1. A carbon dioxide gas decarbonization device, comprising a workbench and a mixing tank, wherein the mixing tank is disposed on the upper part of the workbench, characterized in that, The workbench end is equipped with a support plate, the support plate end is equipped with a first servo motor, the output end of the first servo motor is equipped with a transmission component, the two ends of the mixing tank are respectively equipped with a first connecting block and two second connecting blocks, the second connecting blocks are connected to the transmission component, the workbench end is symmetrically equipped with two shafts, the two shafts are equipped with a fixing rod, the first connecting block is connected to the fixing rod, the mixing tank is equipped with a spiral blade, the two ends of the mixing tank are respectively equipped with a conveying pipe and a gas conveying pipe, the two ends of the mixing tank are equipped with a circulation pipe, and the bottom of the mixing tank is equipped with a discharge pipe.

2. The carbon dioxide gas decarbonization device according to claim 1, characterized in that, The transmission assembly includes a threaded rod and a moving block. A groove is provided in the support plate. The threaded rod is located on the inner side wall of the groove, and the end of the threaded rod is coaxially connected to the output end of the first servo motor. The moving block is coaxially located on the outer side wall of the threaded rod, and the end of the moving block is connected to the ends of two second connecting blocks.

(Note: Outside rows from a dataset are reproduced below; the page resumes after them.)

(* Let $\mathbb{K}$ be a field and $f=a_0(x)+a_1(x)y+\cdots+a_n(x)y^n\in\mathbb{K}[x,y]$ with $n\geq 2$, $a_0,\ldots,a_n\in\mathbb{K}[x]$, $a_0a_n\neq 0$. Assume that $f$ has no nonconstant factor in $\mathbb{K}[x]$, and let $\nu_0$ and $\nu_n$ be the number of irreducible factors of $a_0(x)$ and $a_n(x)$ in $\mathbb{K}[x]$, respectively, counted with their multiplicities. Then $f$ is a product of at most $\nu=\min\{\nu_0,\nu_n\}$ irreducible polynomials over $\mathbb{K}[x]$ in each of the following two cases: (i) $a_0$ is reducible over $\mathbb{K}$, $\deg a_n\geq\deg a_0-\deg q$ where $q\in\mathbb{K}[x]$ is an irreducible factor of $a_0$ of smallest degree, and $\deg a_0>\max\{\deg a_1,\dots,\deg a_n\}$; (ii) $a_n$ is reducible over $\mathbb{K}$, $\deg a_0\geq\deg a_n-\deg q$ where $q\in\mathbb{K}[x]$ is an irreducible factor of $a_n$ of smallest degree, and $\deg a_n>\max\{\deg a_0,\dots,\deg a_{n-1}\}$.
   Context: $f$ is regarded as a polynomial in $y$ with coefficients in $\mathbb{K}[x]$; "a product of at most $k$ irreducible polynomials over $\mathbb{K}[x]$" means that in the factorization of $f$ into irreducible elements of $\mathbb{K}[x][y]$ the number of factors, counted with multiplicities, is at most $k$. *)

theory Defs
  imports "HOL-Computational_Algebra.Computational_Algebra"
begin

text \<open>Bivariate polynomials K[x,y] are modelled as polynomials in y with coefficients
in K[x], i.e. type 'a poly poly; coeff f i is a_i(x).\<close>

definition irr_factorization_of :: "'a::algebraic_semidom \<Rightarrow> 'a list \<Rightarrow> bool" where
  "irr_factorization_of p gs \<longleftrightarrow>
     (\<forall>g\<in>set gs. irreducible g) \<and> (\<exists>u. is_unit u \<and> p = u * prod_list gs)"

definition num_irr_factors :: "'a::algebraic_semidom \<Rightarrow> nat" where
  "num_irr_factors p = (LEAST k. \<exists>gs. length gs = k \<and> irr_factorization_of p gs)"

definition product_of_at_most_irr :: "nat \<Rightarrow> 'a::algebraic_semidom \<Rightarrow> bool" where
  "product_of_at_most_irr k p \<longleftrightarrow>
     (\<exists>gs. length gs \<le> k \<and> (\<forall>g\<in>set gs. irreducible g) \<and> p = prod_list gs)"

definition reducible :: "'a::algebraic_semidom \<Rightarrow> bool" where
  "reducible p \<longleftrightarrow> p \<noteq> 0 \<and> \<not> is_unit p \<and> \<not> irreducible p"

end

theory Submission
  imports Defs
begin

text \<open>Factor \<open>f = g\<^sub>1 \<cdots> g\<^sub>k\<close> into irreducibles of \<open>K[x][y]\<close>; having no content, every \<open>g\<^sub>j\<close>
  has positive degree in \<open>y\<close>, and \<open>a\<^sub>0\<close>, \<open>a\<^sub>n\<close> are (up to a unit) the products of the
  constant resp. leading coefficients of the \<open>g\<^sub>j\<close>. The coefficient of the top power of \<open>x\<close>,
  read as a polynomial in \<open>y\<close>, is multiplicative. In case (i) it is constant for \<open>f\<close>,
  hence for every \<open>g\<^sub>j\<close>, which forces \<open>deg g\<^sub>j(0) > deg lc(g\<^sub>j)\<close>; so every \<open>g\<^sub>j(0)\<close> is
  nonconstant and \<open>k \<le> \<nu>\<^sub>0\<close>. If moreover every \<open>lc(g\<^sub>j)\<close> is nonconstant then \<open>k \<le> \<nu>\<^sub>n\<close>;
  otherwise summing degrees gives \<open>deg a\<^sub>0 \<ge> deg a\<^sub>n + deg q + (k - 1)\<close>, and the hypothesis
  on \<open>deg a\<^sub>n\<close> leaves only \<open>k = 1 \<le> \<nu>\<^sub>n\<close>. Case (ii) is symmetric, the top \<open>x\<close>-coefficient
  of \<open>f\<close> now being a monomial \<open>c y\<^sup>n\<close>.\<close>

section \<open>Factorizations into irreducibles\<close>

lemma irr_factorization_of_unit_mult:
  assumes "irr_factorization_of p gs" "is_unit u"
  shows "irr_factorization_of (u * p) gs"
proof -
  from assms(1) obtain v where "is_unit v" "p = v * prod_list gs" "\<forall>g\<in>set gs. irreducible g"
    unfolding irr_factorization_of_def by blast
  with assms(2) show ?thesis
    unfolding irr_factorization_of_def by (metis is_unit_mult_iff mult.assoc)
qed

lemma irr_factorization_of_mult:
  assumes "irr_factorization_of p gs" "irr_factorization_of q hs"
  shows "irr_factorization_of (p * q) (gs @ hs)"
proof -
  from assms obtain u v where "is_unit u" "p = u * prod_list gs" "is_unit v" "q = v * prod_list hs"
    unfolding irr_factorization_of_def by blast
  then have "is_unit (u * v)" "p * q = (u * v) * prod_list (gs @ hs)"
    by (simp_all add: is_unit_mult_iff mult_ac)
  with assms show ?thesis
    unfolding irr_factorization_of_def by auto
qed

text \<open>For an arbitrary field the library has no \<open>factorial_semiring\<close> instance of \<open>K[x]\<close> or
  \<open>K[x][y]\<close>, so existence of factorizations is derived from a measure decreasing on proper
  factors, and invariance of their length from primality of the irreducibles of \<open>K[x]\<close>.\<close>

lemma irr_factorization_exists_by_measure:
  fixes m :: "'a::algebraic_semidom \<Rightarrow> nat" and p :: 'a
  assumes m_less: "\<And>a b. a * b \<noteq> 0 \<Longrightarrow> \<not> is_unit b \<Longrightarrow> m a < m (a * b)"
    and "p \<noteq> 0"
  shows "\<exists>gs. irr_factorization_of p gs"
  using assms(2)
proof (induction p rule: measure_induct_rule[of m])
  case (less p)
  consider "is_unit p" | "irreducible p" | a b where "p = a * b" "\<not> is_unit a" "\<not> is_unit b"
    using less.prems unfolding irreducible_def by blast
  then show ?case
  proof cases
    case 1
    then have "irr_factorization_of p []"
      unfolding irr_factorization_of_def by simp
    then show ?thesis ..
  next
    case 2
    then have "irr_factorization_of p [p]"
      unfolding irr_factorization_of_def by (auto intro!: exI[of _ 1])
    then show ?thesis ..
  next
    case 3
    then have "m a < m p" "m b < m p" "a \<noteq> 0" "b \<noteq> 0"
      using m_less[of a b] m_less[of b a] less.prems by (auto simp: mult.commute)
    with less.IH obtain gs hs where "irr_factorization_of a gs" "irr_factorization_of b hs"
      by blast
    then have "irr_factorization_of p (gs @ hs)"
      unfolding \<open>p = a * b\<close> by (rule irr_factorization_of_mult)
    then show ?thesis ..
  qed
qed

lemma prod_list_remove1:
  fixes xs :: "'a::comm_monoid_mult list"
  assumes "x \<in> set xs"
  shows "prod_list xs = x * prod_list (remove1 x xs)"
  using assms by (induction xs) (auto simp: mult_ac)

lemma prime_irreducible_factorizations_length_eq:
  fixes gs hs :: "'a::algebraic_semidom list"
  assumes "\<forall>g\<in>set gs. prime_elem g" "\<forall>h\<in>set hs. irreducible h"
    and "is_unit u" "is_unit v" "u * prod_list gs = v * prod_list hs"
  shows "length gs = length hs"
  using assms
proof (induction gs arbitrary: hs u v)
  case Nil
  then have "is_unit (prod_list hs)"
    by (metis is_unit_mult_iff mult.right_neutral prod_list.Nil)
  then have "hs = []"
    using Nil.prems(2) by (cases hs) (auto simp: is_unit_mult_iff dest: irreducible_not_unit)
  then show ?case by simp
next
  case (Cons g gs)
  have g: "prime_elem g" using Cons.prems(1) by simp
  have "g dvd v * prod_list hs"
    using Cons.prems(5) by (metis dvd_mult dvd_triv_left prod_list.Cons)
  then have "g dvd prod_mset (mset hs)"
    using g Cons.prems(4) prime_elem_dvd_mult_iff prime_elem_not_unit
    by (metis dvd_unit_imp_unit prod_mset_prod_list)
  then obtain h where h: "h \<in> set hs" "g dvd h"
    using g by (auto elim: prime_elem_dvd_prod_msetE)
  then obtain w where w: "h = g * w" by (elim dvdE)
  have "is_unit w"
    using Cons.prems(2) h(1) g w by (metis irreducibleD prime_elem_not_unit)
  have "g * (u * prod_list gs) = g * ((v * w) * prod_list (remove1 h hs))"
    using Cons.prems(5) prod_list_remove1[OF h(1)] w by (simp add: mult_ac)
  then have "u * prod_list gs = (v * w) * prod_list (remove1 h hs)"
    using g by (simp add: prime_elem_def)
  moreover have "\<forall>h'\<in>set (remove1 h hs). irreducible h'"
    using Cons.prems(2) by (meson notin_set_remove1)
  ultimately have "length gs = length (remove1 h hs)"
    using Cons.IH[of "remove1 h hs" u "v * w"] Cons.prems(1,3,4) \<open>is_unit w\<close>
    by (simp add: is_unit_mult_iff)
  then show ?case
    using h(1) length_pos_if_in_set[of h hs] by (simp add: length_remove1)
qed

lemma num_irr_factors_eq_length:
  fixes p :: "'a::algebraic_semidom"
  assumes irreducible_prime: "\<And>g::'a. irreducible g \<Longrightarrow> prime_elem g"
    and gs: "irr_factorization_of p gs"
  shows "num_irr_factors p = length gs"
  unfolding num_irr_factors_def
proof (rule Least_equality)
  show "\<exists>hs. length hs = length gs \<and> irr_factorization_of p hs"
    using gs by blast
next
  fix k
  assume "\<exists>hs. length hs = k \<and> irr_factorization_of p hs"
  then obtain hs where hs: "length hs = k" "irr_factorization_of p hs"
    by blast
  from gs hs(2) obtain u v where
    "is_unit u" "p = u * prod_list gs" "\<forall>g\<in>set gs. irreducible g"
    "is_unit v" "p = v * prod_list hs" "\<forall>h\<in>set hs. prime_elem h"
    unfolding irr_factorization_of_def using irreducible_prime by blast
  then have "length hs = length gs"
    by (intro prime_irreducible_factorizations_length_eq[of hs gs v u]) simp_all
  with hs(1) show "length gs \<le> k"
    by simp
qed

lemma field_poly_irr_factorization_exists:
  fixes p :: "'a::field poly"
  assumes "p \<noteq> 0"
  shows "\<exists>gs. irr_factorization_of p gs"
  by (rule irr_factorization_exists_by_measure[of degree, OF _ assms])
    (auto simp: degree_mult_eq is_unit_iff_degree)

lemma field_poly_num_irr_factors_eq_length:
  fixes p :: "'a::field poly"
  shows "irr_factorization_of p gs \<Longrightarrow> num_irr_factors p = length gs"
  by (rule num_irr_factors_eq_length[OF field_poly_irreducible_imp_prime])

lemma length_le_num_irr_factors:
  fixes bs :: "'a::field poly list"
  assumes p: "p = u * prod_list bs" "is_unit u" and nonconst: "\<forall>b\<in>set bs. degree b > 0"
  shows "length bs \<le> num_irr_factors p"
proof -
  have "\<exists>gs. irr_factorization_of (prod_list bs) gs \<and> length bs \<le> length gs"
    using nonconst
  proof (induction bs)
    case Nil
    have "irr_factorization_of (prod_list []) []"
      unfolding irr_factorization_of_def by simp
    then show ?case by blast
  next
    case (Cons b bs)
    then have "b \<noteq> 0"
      by auto
    with Cons.prems have "\<not> is_unit b"
      by (simp add: is_unit_iff_degree)
    obtain gb where gb: "irr_factorization_of b gb"
      using field_poly_irr_factorization_exists[OF \<open>b \<noteq> 0\<close>] by blast
    with \<open>\<not> is_unit b\<close> have "length gb \<ge> 1"
      unfolding irr_factorization_of_def by (cases gb) auto
    from Cons obtain gs where "irr_factorization_of (prod_list bs) gs" "length bs \<le> length gs"
      by (meson list.set_intros(2))
    moreover from gb this(1) have "irr_factorization_of (prod_list (b # bs)) (gb @ gs)"
      unfolding prod_list.Cons by (rule irr_factorization_of_mult)
    ultimately show ?case
      using \<open>length gb \<ge> 1\<close> by (intro exI[of _ "gb @ gs"]) simp
  qed
  then obtain gs where "irr_factorization_of (prod_list bs) gs" "length bs \<le> length gs"
    by blast
  with p have "irr_factorization_of p gs" "length bs \<le> length gs"
    by (simp_all add: irr_factorization_of_unit_mult)
  then show ?thesis
    by (simp add: field_poly_num_irr_factors_eq_length)
qed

3. The carbon dioxide gas decarbonization device according to claim 2, characterized in that, The inner wall of the groove is also provided with a guide rod, and the guide rod is connected to the moving block.

4. A carbon dioxide gas decarbonization device according to claim 3, characterized in that, Two limiting rings are symmetrically arranged on both sides of the first connecting block, and the two limiting rings are fixedly installed on the outer wall of the fixed rod.

5. A carbon dioxide gas decarbonization device according to claim 4, characterized in that, A second servo motor is provided at the end of the mixing tank, and a rotating shaft is coaxially provided at the output end of the second servo motor. The outer wall of the rotating shaft and the inner wall of the spiral blade are coaxially connected.

6. A carbon dioxide gas decarbonization device according to claim 5, characterized in that, A water pump is installed on the outer wall of the circulation pipe, and a nozzle is installed at the end of the circulation pipe.